4511.19(A)(1)(a) when the offense of operating a vehicle while under the
influence is the predicate conduct for aggravated vehicular assault.
(Nos. 2014-1278 and 2014-1454—Submitted June 10, 2015—Decided November
10, 2015.)
APPEAL from and CERTIFIED by the Court of Appeals for Cuyahoga County,
No. 100482, 2014-Ohio-2643.
____________________
SYLLABUS OF THE COURT
A trial court may impose cumulative sentences for both aggravated vehicular
assault in violation of R.C. 2903.08(A)(1)(a) and operating a motor vehicle
SUPREME COURT OF OHIO
under the influence of alcohol or drugs in violation of R.C.

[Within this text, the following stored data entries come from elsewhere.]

(* For every $m\ge1$, the unipotent conjugacy classes of type $(3)$ in $\mathbf{PSL}_3(2^{2m})$ are of type D.
   Context: Type $(3)$ means a single Jordan block of size 3 (regular unipotent). Conjugacy classes are racks with $x\triangleright y=xyx^{-1}$. A subrack $Y$ is decomposable if $Y=R\sqcup S$ with nonempty subracks $R,S$, $Y\triangleright R=R$, $Y\triangleright S=S$. Type D: a decomposable subrack $R\sqcup S$ with $r\in R,s\in S$ and $r\triangleright(s\triangleright(r\triangleright s))\neq s$. *)

theory Defs
  imports "HOL-Analysis.Analysis"
begin

text \<open>A rack is given by a carrier set X and an operation op (x triangleright y = op x y).
  A subrack of X is a subset closed under the operation.\<close>

definition subrack :: "('b \<Rightarrow> 'b \<Rightarrow> 'b) \<Rightarrow> 'b set \<Rightarrow> 'b set \<Rightarrow> bool" where
  "subrack op X Y \<longleftrightarrow> Y \<subseteq> X \<and> (\<forall>x\<in>Y. \<forall>y\<in>Y. op x y \<in> Y)"

definition decomposition :: "('b \<Rightarrow> 'b \<Rightarrow> 'b) \<Rightarrow> 'b set \<Rightarrow> 'b set \<Rightarrow> 'b set \<Rightarrow> 'b set \<Rightarrow> bool" where
  "decomposition op X Y R S \<longleftrightarrow>
     subrack op X Y \<and> subrack op X R \<and> subrack op X S \<and>
     R \<noteq> {} \<and> S \<noteq> {} \<and> R \<inter> S = {} \<and> Y = R \<union> S \<and>
     {op y r | y r. y \<in> Y \<and> r \<in> R} = R \<and>
     {op y s | y s. y \<in> Y \<and> s \<in> S} = S"

definition type_D :: "('b \<Rightarrow> 'b \<Rightarrow> 'b) \<Rightarrow> 'b set \<Rightarrow> bool" where
  "type_D op X \<longleftrightarrow>
     (\<exists>Y R S r s. decomposition op X Y R S \<and> r \<in> R \<and> s \<in> S \<and>
        op r (op s (op r s)) \<noteq> s)"

definition sl3 :: "(('a::field)^3^3) set" where
  "sl3 = {A. det A = 1}"

text \<open>An element of PSL_3 is the coset of an SL_3 matrix modulo the centre
  (scalar matrices c I with c^3 = 1).\<close>

definition pcls :: "('a::field)^3^3 \<Rightarrow> ('a^3^3) set" where
  "pcls A = {mat c ** A | c. c ^ 3 = 1}"

definition psl3 :: "(('a::field)^3^3) set set" where
  "psl3 = pcls ` sl3"

definition prep :: "(('a::field)^3^3) set \<Rightarrow> 'a^3^3" where
  "prep X = (SOME A. A \<in> X)"

definition pconj :: "(('a::field)^3^3) set \<Rightarrow> ('a^3^3) set \<Rightarrow> ('a^3^3) set" where
  "pconj X Y = pcls (prep X ** prep Y ** matrix_inv (prep X))"

definition psl3_conj_class :: "(('a::field)^3^3) set \<Rightarrow> ('a^3^3) set set" where
  "psl3_conj_class X = {pconj G X | G. G \<in> psl3}"

text \<open>Unipotent of type (3): a single Jordan block of size 3, i.e. (A - I)^3 = 0
  and (A - I)^2 \<noteq> 0.\<close>

definition regular_unipotent3 :: "('a::field)^3^3 \<Rightarrow> bool" where
  "regular_unipotent3 A \<longleftrightarrow> A \<in> sl3 \<and>
     (A - mat 1) ** (A - mat 1) ** (A - mat 1) = 0 \<and>
     (A - mat 1) ** (A - mat 1) \<noteq> 0"

end

theory Submission
  imports Defs "HOL-Computational_Algebra.Polynomial"
begin

(* A field F of order 4^m has characteristic 2 and, since 3 divides 4^m - 1,
   contains a primitive cube root of unity w, i.e. a copy {0, 1, w, w + 1} of GF(4).
   A regular unipotent A is conjugate in GL_3(F) to the lower Jordan block J3, say
   A = h J3 h^-1.  We exhibit 18 explicit matrices K_0 = J3, K_1, ..., K_17 over GF(4)
   together with a multiplication table t such that K_i K_j = K_(t i j) K_i, conjugators
   G_i of determinant 1 with G_i J3 = K_i G_i; the K_i have trace 1 and are distinct.
   These finitely many identities are checked once and for all by computation in a
   concrete model of GF(4) and transported into F along the embedding GF(4) -> F.
   Conjugating everything by h, the 18 classes P_i = [h K_i h^-1] lie in the PSL_3(F)
   conjugacy class of [A], are pairwise distinct, and satisfy P_i |> P_j = P_(t i j).
   The table shows that R = {P_0..P_8} and S = {P_9..P_17} form a decomposable subrack
   R u S, and the entries t 0 9 = 10, t 9 10 = 17, t 0 17 = 11 show
   P_0 |> (P_9 |> (P_0 |> P_9)) = P_11 <> P_9, which is the type D condition. *)

section \<open>Finite fields of order \<open>4^m\<close>\<close>

lemma finite_field_unit_power:
  fixes x :: "'a::{field,finite}"
  assumes "x \<noteq> 0"
  shows "x ^ (CARD('a) - 1) = 1"
proof -
  let ?U = "UNIV - {0::'a}"
  have "bij_betw (\<lambda>a. x * a) ?U ?U"
    by (rule bij_betwI[where g = "\<lambda>a. a / x"]) (use assms in auto)
  then have "prod (\<lambda>a. x * a) ?U = prod id ?U"
    using prod.reindex_bij_betw[of _ ?U ?U id] by simp
  moreover have "prod (\<lambda>a. x * a) ?U = x ^ card ?U * prod id ?U"
    by (simp add: prod.distrib)
  moreover have "prod id ?U \<noteq> 0" by simp
  moreover have "card ?U = CARD('a) - 1"
    by (simp add: card_Diff_singleton)
  ultimately show ?thesis by (metis mult_cancel_right2)
qed
lemma subst_goal_delete: "subst_goal (G(q := None)) \<theta> = (subst_goal G \<theta>)(q := None)"
  by (auto simp: subst_goal_def)

lemma subst_goal_cong: "(\<And>x. x \<in> vars_goal G \<Longrightarrow> \<sigma> x = \<tau> x) \<Longrightarrow> subst_goal G \<sigma> = subst_goal G \<tau>"
  unfolding subst_goal_def vars_goal_def
  by (rule ext, rename_tac q, case_tac "G q") (auto intro!: subst_atom_cong simp: ran_def)

lemma map_add_delete_left: "q \<notin> dom X \<Longrightarrow> (F ++ X)(q := None) = F(q := None) ++ X"
  by (rule ext) (auto simp: map_add_def split: option.splits)

lemma map_add_delete_right: "q \<notin> dom F \<Longrightarrow> (F ++ X)(q := None) = F ++ X(q := None)"
  by (rule ext) (auto simp: map_add_def split: option.splits)

lemma finite_vars_goal: "is_pgoal G \<Longrightarrow> finite (vars_goal G)"
  by (auto simp: is_pgoal_def vars_goal_def finite_ran)

lemma vars_subst_goal_subset: "vars_goal (subst_goal G \<theta>) \<subseteq> vars_goal G \<union> subst_vars \<theta>"
  using vars_subst_atom_subset by (fastforce simp: vars_goal_def ran_subst_goal)

lemma vars_goal_rename: "vars_goal (subst_goal G (\<lambda>x. Var (f x))) = f ` vars_goal G"
  by (auto simp: vars_goal_def ran_subst_goal vars_atom_rename)

lemma vars_goal_map_add: "vars_goal (F ++ G) \<subseteq> vars_goal F \<union> vars_goal G"
  by (auto simp: vars_goal_def ran_def map_add_def split: option.splits)

lemma vars_goal_delete: "vars_goal (G(q := None)) \<subseteq> vars_goal G"
  by (auto simp: vars_goal_def ran_def)

lemma vars_clause_rename: "vars_clause (subst_clause c (\<lambda>x. Var (f x))) = f ` vars_clause c"
  by (auto simp: vars_clause_def subst_clause_def vars_atom_rename vars_goal_rename)

lemma finite_vars_clause: "is_pgoal (snd c) \<Longrightarrow> finite (vars_clause c)"
  by (simp add: vars_clause_def finite_vars_goal)

lemma sel_prio_in_dom: "is_pgoal G \<Longrightarrow> dom G \<noteq> {} \<Longrightarrow> sel_prio G \<in> dom G"
  unfolding is_pgoal_def sel_prio_def by (rule Min_in)

lemma vars_sel_atom: "is_pgoal G \<Longrightarrow> dom G \<noteq> {} \<Longrightarrow> vars_atom (sel_atom G) \<subseteq> vars_goal G"
  using sel_prio_in_dom by (fastforce simp: sel_atom_def vars_goal_def ran_def)

lemma sel_prio_subst_goal [simp]: "sel_prio (subst_goal G \<theta>) = sel_prio G"
  by (simp add: sel_prio_def)

lemma sel_prio_map_add_left:
  assumes "finite (dom F)" and "finite (dom G)" and "sel_prio (F ++ G) \<in> dom F"
  shows "sel_prio (F ++ G) = sel_prio F"
proof (rule antisym)
  show "sel_prio (F ++ G) \<le> sel_prio F"
    using assms unfolding sel_prio_def by (intro Min_antimono) auto
  show "sel_prio F \<le> sel_prio (F ++ G)"
    using assms unfolding sel_prio_def by (intro Min_le) auto
qed
(* In the #-KEG, suppose that the IA algorithm $\mathcal{A}$, whenever the remaining external graph $(V,E^I(\mathbf{M}))$ has several maximum-cardinality matchings, selects one that lexicographically maximizes the numbers of matched vertices of the players taken in non-increasing order of their number of revealed vertices (i.e. it first maximizes the number of matched vertices of the player with the most revealed vertices, then of the second, etc.), this rule being applied in whatever game results from the players' revelations. Then no player has a strict incentive to hide vertices: for every player $p$, every profile $M^{-p}$ of matchings of the opponents' graphs, and every subset $V'\subseteq V^p$, the maximum utility player $p$ can achieve (over matchings $M^p$ of $G^p$) when all her vertices are revealed is at least $2\nu(G^p[V'])$ plus the maximum utility she can achieve (over matchings of $G^p-V'$) in the game in which the vertices of $V'$ and their incident edges are removed, where $\nu(G^p[V'])$ is the size of a maximum matching of the subgraph of $G^p$ induced by $V'$.
   Context: The #-KEG: $N=\{1,\dots,n\}$ is a finite set of players; player $p$ has internal graph $G^p=(V^p,E^p)$ (vertex sets pairwise disjoint); $E^I$ is a set of external edges each joining vertices of two different players; $G=(V,E)$ with $V=\bigcup_pV^p$, $E=E^I\cup\bigcup_pE^p$. A strategy of player $p$ is a matching $M^p$ of $G^p$. Given $\mathbf{M}=(M^1,\dots,M^n)$, $E^I(\mathbf{M})$ is the set of external edges with both endpoints uncovered by $\bigcup_pM^p$, and the IA selects a maximum-cardinality matching $M^I=\mathcal{A}(\mathbf{M})$ of $(V,E^I(\mathbf{M}))$ via a deterministic algorithm $\mathcal{A}$. With $M^I_p$ the edges of $M^I$ incident to $V^p$, player $p$'s utility is $2|M^p|+|M^I_p|$. Hiding a set $V'\subseteq V^p$ means that the game is played on $G$ with $V'$ and all edges incident to $V'$ removed, while player $p$ can additionally match the hidden vertices among themselves using edges of $G^p$ inside $V'$, each such internal edge adding 2 to her utility. *)

theory Defs
  imports Main
begin

text \<open>Vertices have type 'v, players have type 'p (linearly ordered; the order
  is used only to break ties between players with equally many revealed vertices).
  own v is the player owning vertex v.\<close>

definition is_edge :: "'v set \<Rightarrow> bool" where
  "is_edge e \<longleftrightarrow> (\<exists>u w. u \<noteq> w \<and> e = {u, w})"

definition matching_of :: "'v set set \<Rightarrow> 'v set set \<Rightarrow> bool" where
  "matching_of F M \<longleftrightarrow> M \<subseteq> F \<and> (\<forall>e\<in>M. \<forall>e'\<in>M. e \<noteq> e' \<longrightarrow> e \<inter> e' = {})"

definition max_matching_of :: "'v set set \<Rightarrow> 'v set set \<Rightarrow> bool" where
  "max_matching_of F M \<longleftrightarrow> matching_of F M \<and> (\<forall>M'. matching_of F M' \<longrightarrow> card M' \<le> card M)"
lemma prob_between_arrivals:
  assumes "0 \<le> u" and "u \<le> t"
  shows "measure M {x \<in> space M. \<tau> k x \<le> ereal u \<and> ereal t < \<tau> (Suc k) x}
    = (\<integral>x. indicator {x \<in> space M. \<tau> k x \<le> ereal u} x * survival \<omega> (real_of_ereal (\<tau> k x)) t \<partial>M)"
proof -
  define F where "F = stopped_sigma M N (\<tau> k)"
  interpret F: finite_measure_subalgebra M F
    unfolding F_def by (rule finite_measure_subalgebra_stopped_sigma)
  define A where "A = {x \<in> space M. \<tau> k x \<le> ereal u}"
  define f :: "'a \<Rightarrow> real" where "f = indicator {y. ereal t < \<tau> (Suc k) y}"
  have [measurable]: "A \<in> sets M" "f \<in> borel_measurable M"
    unfolding A_def f_def by measurable
  have "integrable M f"
    by (rule integrable_const_bound[where B=1]) (auto simp: f_def)
  then have "(\<integral>x \<in> A. f x \<partial>M) = (\<integral>x \<in> A. real_cond_exp M F f x \<partial>M)"
    by (rule F.real_cond_exp_intA) (use arrival_time_le_in_stopped_sigma[OF \<open>0 \<le> u\<close>] in \<open>simp add: A_def F_def\<close>)
  also have "\<dots> = (\<integral>x \<in> A. survival \<omega> (real_of_ereal (\<tau> k x)) t \<partial>M)"
  proof (rule set_lebesgue_integral_cong_AE)
    have "AE x in M. \<tau> k x \<le> ereal t \<longrightarrow>
        real_cond_exp M F f x = exp (- integral {real_of_ereal (\<tau> k x)..t} (\<omega> (real_of_ereal (\<tau> k x))))"
      using process assms unfolding last_arrival_intensity_process_def F_def f_def
      by (auto dest!: spec[of _ "Suc k"])
    then show "AE x\<in>A in M. real_cond_exp M F f x = survival \<omega> (real_of_ereal (\<tau> k x)) t"
    proof eventually_elim
      case (elim x)
      show ?case
      proof
        assume "x \<in> A"
        then have "\<tau> k x \<le> ereal t"
          using assms by (auto simp: A_def intro: order_trans)
        moreover have "\<tau> k x = ereal (real_of_ereal (\<tau> k x))"
          using \<open>\<tau> k x \<le> ereal t\<close> arrival_time_nonneg[of N k x] by (cases "\<tau> k x") auto
        ultimately show "real_cond_exp M F f x = survival \<omega> (real_of_ereal (\<tau> k x)) t"
          using elim survival_eq_exp_integral[of "real_of_ereal (\<tau> k x)" t] arrival_time_nonneg[of N k x]
          by (metis ereal_less_eq(3) real_of_ereal_pos)
      qed
    qed
  qed (auto simp: f_def)
  also have "(\<integral>x \<in> A. f x \<partial>M) = measure M {x \<in> space M. \<tau> k x \<le> ereal u \<and> ereal t < \<tau> (Suc k) x}"
  proof -
    have "(\<lambda>x. indicator A x * f x) = indicator {x \<in> space M. \<tau> k x \<le> ereal u \<and> ereal t < \<tau> (Suc k) x}"
      by (auto simp: A_def f_def indicator_def)
    then show ?thesis
      unfolding set_lebesgue_integral_def by simp
  qed
  finally show ?thesis
    unfolding set_lebesgue_integral_def A_def by (simp add: mult.commute)
qed
lemma lipschitz_gradient_upper_bound:
  fixes F :: "'a::real_inner \<Rightarrow> real"
  assumes gradient: "\<And>z. (F has_derivative (\<lambda>h. G z \<bullet> h)) (at z)"
    and lipschitz: "\<And>a b. norm (G a - G b) \<le> L * norm (a - b)"
  shows "F u \<le> F v + G v \<bullet> (u - v) + L / 2 * (norm (u - v))\<^sup>2"
proof -
  define d where "d = u - v"
  define \<delta> where "\<delta> t = F (v + t *\<^sub>R d) - t * (G v \<bullet> d) - L / 2 * t\<^sup>2 * (norm d)\<^sup>2" for t
  have "\<delta> 1 \<le> \<delta> 0"
  proof (rule DERIV_nonpos_imp_nonincreasing[of 0 1])
    fix t :: real
    assume "0 \<le> t" "t \<le> 1"
    have "(\<delta> has_real_derivative G (v + t *\<^sub>R d) \<bullet> d - G v \<bullet> d - L / 2 * (2 * t) * (norm d)\<^sup>2) (at t)"
      unfolding \<delta>_def
      by (intro derivative_eq_intros) (rule has_real_derivative_along_line[OF gradient], auto)
    moreover have "G (v + t *\<^sub>R d) \<bullet> d - G v \<bullet> d \<le> L * t * (norm d)\<^sup>2"
    proof -
      have "G (v + t *\<^sub>R d) \<bullet> d - G v \<bullet> d \<le> norm (G (v + t *\<^sub>R d) - G v) * norm d"
        by (metis inner_diff_left norm_cauchy_schwarz)
      also have "\<dots> \<le> L * norm (t *\<^sub>R d) * norm d"
        using lipschitz[of "v + t *\<^sub>R d" v] by (simp add: mult_right_mono)
      finally show ?thesis
        using \<open>0 \<le> t\<close> by (simp add: power2_eq_square mult.assoc)
    qed
    ultimately show "\<exists>y. (\<delta> has_real_derivative y) (at t) \<and> y \<le> 0"
      by fastforce
  qed simp
  then show ?thesis
    by (simp add: \<delta>_def d_def)
qed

4511.19(A)(1)(a) when the offense of operating a vehicle while under the
influence is the predicate conduct for aggravated vehicular assault. (State
v. Ruff, 143 Ohio St.3d 114, 2015-Ohio-995, 34 N.E.3d 892, applied.)
__________________
LANZINGER, J.
{¶ 1} In this case we are asked to determine whether a trial court may
impose cumulative sentences for both aggravated vehicular assault in violation of
R.C. 2903.08(A)(1)(a) and operating a motor vehicle under the influence of alcohol
or drugs (“OVI”) in violation of R.C. 4511.19(A)(1)(a) when the offense of
operating a vehicle while under the influence is the predicate conduct for
aggravated vehicular assault. We hold that it may.
I. Case Background
{¶ 2} A Cuyahoga County grand jury indicted appellant, Antonia Earley, on
two counts of aggravated vehicular assault, one count of endangering children, two
counts of OVI, and one count of using weapons while intoxicated, all with forfeiture
specifications. Earley pleaded guilty to one count of aggravated vehicular assault,
a felony of the third degree, in violation of R.C. 2903.08(A)(1)(a); one count of
endangering children, a felony of the third degree, in violation of R.C. 2919.22(A);
one count of OVI, a misdemeanor of the first degree, in violation of R.C.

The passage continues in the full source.